Brief: Search the data for the word "forall" and copy out every line that has it.

Saved data entries:
=== Section Start ===
(* Let $q\in(0,2]$, $c\ge1$, and let $f,g:\mathbb{R}\to\mathbb{R}$ be continuous nondecreasing with $f$ positive. Let $a\in\mathbb{R}$, $R>0$, and let $\varphi$ be a solution on $[0,R)$ of $$\varphi''+\frac{c-1}{r}\varphi'=f(\varphi)+g(\varphi)|\varphi'|^q,\qquad\varphi(0)=a,\qquad\varphi'(0)=0 .$$ Then for every $r\in[0,R)$: $$r\ge\begin{cases}\displaystyle\frac{1}{2^{2/(2-q)}}\int_a^{\varphi(r)}\frac{dt}{\left(\int_a^tf(s)\,ds\right)^{1/2}+\left(\int_a^tg^+(s)\,ds\right)^{1/(2-q)}} & q<2,\\ \displaystyle\int_a^{\varphi(r)}\frac{dt}{\left(2\int_a^te^{2\int_s^tg^+(\rho)\,d\rho}f(s)\,ds\right)^{1/2}} & q=2;\end{cases}$$ if moreover $g(a)\ge0$, $$r\le\begin{cases}\displaystyle2\left(\frac{c}{2-q}\right)^{1/(2-q)}\int_a^{\varphi(r)}\frac{dt}{\left(\int_a^tf(s)\,ds\right)^{1/2}+\left(\int_a^tg^+(s)\,ds\right)^{1/(2-q)}} & q<2,\\ \displaystyle\sqrt{\frac c2}\int_a^{\varphi(r)}\frac{dt}{\left(\int_a^te^{\frac2c\int_s^tg^+(\tau)\,d\tau}f(s)\,ds\right)^{1/2}} & q=2.\end{cases}$$ Furthermore, for every $r\in(0,R)$, $$r\le\frac{c^{1/q}}{\sqrt q}\int_a^{\varphi(r)}\frac{dt}{\left(\int_a^te^{-2\int_s^t\left(\frac{g^-(\tau)}{f(\tau)}\right)^{2/q}f(\tau)\,d\tau}f(s)\,ds\right)^{1/2}},$$ and, if $g(t)\le0$ for all $t\in\mathbb{R}$, $$r\ge\frac{1}{\sqrt2}\int_a^{\varphi(r)}\frac{dt}{\left(\int_a^te^{-2\int_s^t\left(\frac{g^-(\tau)}{f(\tau)}\right)^{2/q}f(\tau)\,d\tau}f(s)\,ds\right)^{1/2}}.$$
   Context: A solution on $[0,R)$ is a function $\varphi\in C^2((0,R))\cap C([0,R))$ satisfying the ODE on $(0,R)$, $\varphi(0)=a$, $\lim_{r\to0^+}\varphi'(r)=0=\varphi'(0)$, and such that $\lim_{r\to0^+}\varphi''(r)$ exists in $\mathbb{R}$. $g^+=\max(g,0)$, $g^-=\max(-g,0)$. *)

theory Defs
  imports "HOL-Analysis.Analysis"
begin

definition oint :: "real \<Rightarrow> real \<Rightarrow> (real \<Rightarrow> real) \<Rightarrow> real" where
  "oint a b h = (if a \<le> b then integral {a..b} h else - integral {b..a} h)"

definition ode_solution ::
  "real \<Rightarrow> real \<Rightarrow> (real \<Rightarrow> real) \<Rightarrow> (real \<Rightarrow> real) \<Rightarrow> real \<Rightarrow> real \<Rightarrow> (real \<Rightarrow> real) \<Rightarrow> bool" where
  "ode_solution q c f g a R \<phi> \<longleftrightarrow>
     (\<exists>\<phi>' \<phi>''.
        continuous_on {0..<R} \<phi> \<and>
        (\<forall>r\<in>{0<..<R}. (\<phi> has_real_derivative \<phi>' r) (at r) \<and>
                        (\<phi>' has_real_derivative \<phi>'' r) (at r)) \<and>
        continuous_on {0<..<R} \<phi>'' \<and>
        (\<forall>r\<in>{0<..<R}. \<phi>'' r + (c - 1) / r * \<phi>' r = f (\<phi> r) + g (\<phi> r) * \<bar>\<phi>' r\<bar> powr q) \<and>
        \<phi> 0 = a \<and>
        (\<phi>' \<longlongrightarrow> 0) (at_right 0) \<and>
        (\<phi> has_real_derivative 0) (at 0 within {0..<R}) \<and>
        (\<exists>L. (\<phi>'' \<longlongrightarrow> L) (at_right 0)))"

end

theory Submission
  imports Defs
begin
=== Section End ===
Task response:
        (\<forall>r\<in>{0<..<R}. (\<phi> has_real_derivative \<phi>' r) (at r) \<and>
        (\<forall>r\<in>{0<..<R}. \<phi>'' r + (c - 1) / r * \<phi>' r = f (\<phi> r) + g (\<phi> r) * \<bar>\<phi>' r\<bar> powr q) \<and>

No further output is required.